Follow Along Chest & Triceps Exercise Program
Looking to get your chest and triceps more toned and see correct form? Also, at the end of this video is an external shoulder rotation exercise that is a preventative exercise and one of my favorites for maintaining proper shoulder function.
You will want to be warmed up at least 5-10 minutes prior to starting this program. It features 3 chest exercises, a few triceps exercises and again that shoulder exercise. You can use a resistance band attached to a door or anchored safely should you wish to do this program at home and don’t have a cable unit for exercises shown. You can also do the first 2 chest exercises on a stability ball or floor as last resort. The floor is the last choice simply because in the down position you want a bit of a pre-stretch prior to the execution of the movement for a better overall range of motion. Be sure to focus just as much on the negative portion of these exercises as it’s not just all about the pushing phase or better known as concentric/contraction phase (shortening of the muscle being worked).
Go for 2-3 sets with a rest of 30-90 seconds in between. Always have at least a day of rest in between working same muscles. Why such a range in rest periods? It’s whatever your goal is for the exercise. Power 4-8 reps super heavy requires 90 seconds to 5 minutes rest actually. Strength 10-12 reps moderate to sort of heavy requires 30-60 seconds. Endurance 15 reps and above requires not as much rest as you are working the slow twitch muscle fibers and generally using lighter weight.
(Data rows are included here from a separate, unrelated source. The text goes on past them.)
lemma prob_Pi_pmf_bernoulli_only_one:
  assumes "finite P" "S \<subseteq> P" "j \<in> P - S" "0 \<le> q" "q \<le> 1"
  shows "measure_pmf.prob (Pi_pmf P False (\<lambda>_. bernoulli_pmf q)) {r. r j \<and> (\<forall>s\<in>S. \<not> r s)}
       = q * (1 - q) ^ card S"
proof -
  have "{r. r j \<and> (\<forall>s\<in>S. \<not> r s)} = Pi P (\<lambda>x. if x = j then {True} else if x \<in> S then {False} else UNIV)"
    using assms(2,3) by (auto simp: Pi_def)
  then have "measure_pmf.prob (Pi_pmf P False (\<lambda>_. bernoulli_pmf q)) {r. r j \<and> (\<forall>s\<in>S. \<not> r s)}
      = (\<Prod>x\<in>P. if x = j then q else if x \<in> S then 1 - q else 1)"
    using assms by (auto simp: measure_Pi_pmf_Pi measure_pmf_single intro!: prod.cong)
  also have "\<dots> = q * (\<Prod>x\<in>P - {j}. if x \<in> S then 1 - q else 1)"
    using assms(1,3) by (subst prod.remove[of _ j]) (auto intro!: prod.cong)
  also have "(\<Prod>x\<in>P - {j}. if x \<in> S then 1 - q else 1) = (1 - q) ^ card S"
    using assms by (subst prod.If_cases) (auto simp: Int_absorb1 Diff_Int_distrib2)
  finally show ?thesis .
qed

lemma prob_observed_pmf_positive_on:
  assumes "0 \<le> \<rho>" "\<rho> \<le> 1"
  shows "measure_pmf.prob (observed_pmf \<rho> n U) {Y. \<forall>i<n. T i \<longrightarrow> Y i}
       = (\<Prod>i<n. if T i \<and> \<not> U i then \<rho> else 1)"
proof -
  have "{Y. \<forall>i<n. T i \<longrightarrow> Y i} = Pi {..<n} (\<lambda>i. if T i then {True} else UNIV)"
    by (auto simp: Pi_def)
  then show ?thesis
    using assms by (auto simp: observed_pmf_def measure_Pi_pmf_Pi measure_pmf_single intro!: prod.cong)
qed

lemma AE_observed_pmf_positive:
  "AE Y in observed_pmf \<rho> n U. \<forall>i<n. U i \<longrightarrow> Y i"
  by (rule AE_pmfI) (auto simp: observed_pmf_def set_Pi_pmf PiE_dflt_def)

lemma comp_decoder_error_imp_false_positive:
  assumes "S \<subseteq> {1..p}" "\<forall>i<n. noiseless_outcome S X i \<longrightarrow> Y i" "comp_decoder p n X Y \<noteq> S"
  shows "\<exists>j\<in>{1..p} - S. \<forall>i<n. X (i, j) \<longrightarrow> Y i"
proof -
  have "S \<subseteq> comp_decoder p n X Y"
    using assms(1,2) by (auto simp: comp_decoder_def noiseless_outcome_def)
  with assms(3) show ?thesis
    by (auto simp: comp_decoder_def)
qed

lemma comp_error_given_matrix_le:
  assumes "S \<subseteq> {1..p}" "0 \<le> \<rho>" "\<rho> \<le> 1"
  shows "measure_pmf.prob (observed_pmf \<rho> n (noiseless_outcome S X)) {Y. comp_decoder p n X Y \<noteq> S}
       \<le> (\<Sum>j\<in>{1..p} - S. \<Prod>i<n. if X (i, j) \<and> \<not> noiseless_outcome S X i then \<rho> else 1)"
proof -
  let ?Ob = "observed_pmf \<rho> n (noiseless_outcome S X)"
  have "measure_pmf.prob ?Ob {Y. comp_decoder p n X Y \<noteq> S}
      \<le> measure_pmf.prob ?Ob (\<Union>j\<in>{1..p} - S. {Y. \<forall>i<n. X (i, j) \<longrightarrow> Y i})"
  proof (rule measure_pmf.finite_measure_mono_AE)
    show "AE Y in ?Ob. Y \<in> {Y. comp_decoder p n X Y \<noteq> S}
        \<longrightarrow> Y \<in> (\<Union>j\<in>{1..p} - S. {Y. \<forall>i<n. X (i, j) \<longrightarrow> Y i})"
      using AE_observed_pmf_positive
      by eventually_elim (blast dest: comp_decoder_error_imp_false_positive[OF assms(1)])
  qed simp
  also have "\<dots> \<le> (\<Sum>j\<in>{1..p} - S. measure_pmf.prob ?Ob {Y. \<forall>i<n. X (i, j) \<longrightarrow> Y i})"
    by (rule measure_pmf.finite_measure_subadditive_finite) auto
  finally show ?thesis
    using assms by (simp add: prob_observed_pmf_positive_on)
qed

lemma expectation_false_positive_prob:
  assumes "S \<subseteq> {1..p}" "j \<in> {1..p} - S" "0 \<le> q" "q \<le> 1" "0 \<le> \<rho>"
  shows "measure_pmf.expectation (Pi_pmf ({..<n} \<times> {1..p}) False (\<lambda>_. bernoulli_pmf q))
           (\<lambda>X. \<Prod>i<n. if X (i, j) \<and> \<not> noiseless_outcome S X i then \<rho> else 1)
       = (1 - (1 - \<rho>) * (q * (1 - q) ^ card S)) ^ n"
proof -
  let ?R = "Pi_pmf {1..p} False (\<lambda>_. bernoulli_pmf q)"
  define A where "A = {r. r j \<and> (\<forall>s\<in>S. \<not> r s)}"
  define h where "h r = (if r \<in> A then \<rho> else 1)" for r
  have "h = (\<lambda>r. 1 - (1 - \<rho>) * indicator A r)"
    by (auto simp: h_def fun_eq_iff indicator_def)
  then have "measure_pmf.expectation ?R h = 1 - (1 - \<rho>) * measure_pmf.prob ?R A"
    by (simp add: measure_pmf.emeasure_eq_measure)
  also have "\<dots> = 1 - (1 - \<rho>) * (q * (1 - q) ^ card S)"
    using assms unfolding A_def by (subst prob_Pi_pmf_bernoulli_only_one) auto
  finally have Eh: "measure_pmf.expectation ?R h = \<dots>" .
  have "(\<lambda>X. \<Prod>i<n. if X (i, j) \<and> \<not> noiseless_outcome S X i then \<rho> else 1)
      = (\<lambda>X. \<Prod>i<n. h (curry X i))"
    by (auto simp: h_def A_def noiseless_outcome_def)
  moreover have "measure_pmf.expectation (Pi_pmf ({..<n} \<times> {1..p}) False (\<lambda>_. bernoulli_pmf q))
      (\<lambda>X. \<Prod>i<n. h (curry X i)) = measure_pmf.expectation ?R h ^ n"
    using assms(5)
    by (subst expectation_prod_rows_Pi_pmf_Times)
       (auto simp: h_def intro!: measure_pmf.integrable_const_bound[where B = "max 1 \<rho>"])
  ultimately show ?thesis
    using Eh by simp
qed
For the individuals (ladies) that grab those 3-5 pound weights and always go for the endurance you really aren’t doing your joints and ligaments any favors, in fact you are wearing them out more. I suggest doing a few sets of 10-12 reps with heavier weights to increase bone density and keep the joints and ligaments strong under a load. Form is essential, as crappy form is the quickest way to get injured. Don’t always pick the same weight and just do 3 sets. Overload the muscle and should you need to reduce or increase weight as you get warmed up or fatigued then listen to your body.
Here’s the video. Watch it and follow along or watch and do it at the gym. Check for good form. Breathe! Notice that I have my foot on the bench for the dumbbell bench press. You can have one, both or none as it’s all about how your low back feels and how stable you feel doing the exercise. You want the small of the back to touch the bench as best you can that the pelvis position can change the position of the mid-back and shoulders during the execution of this exercise.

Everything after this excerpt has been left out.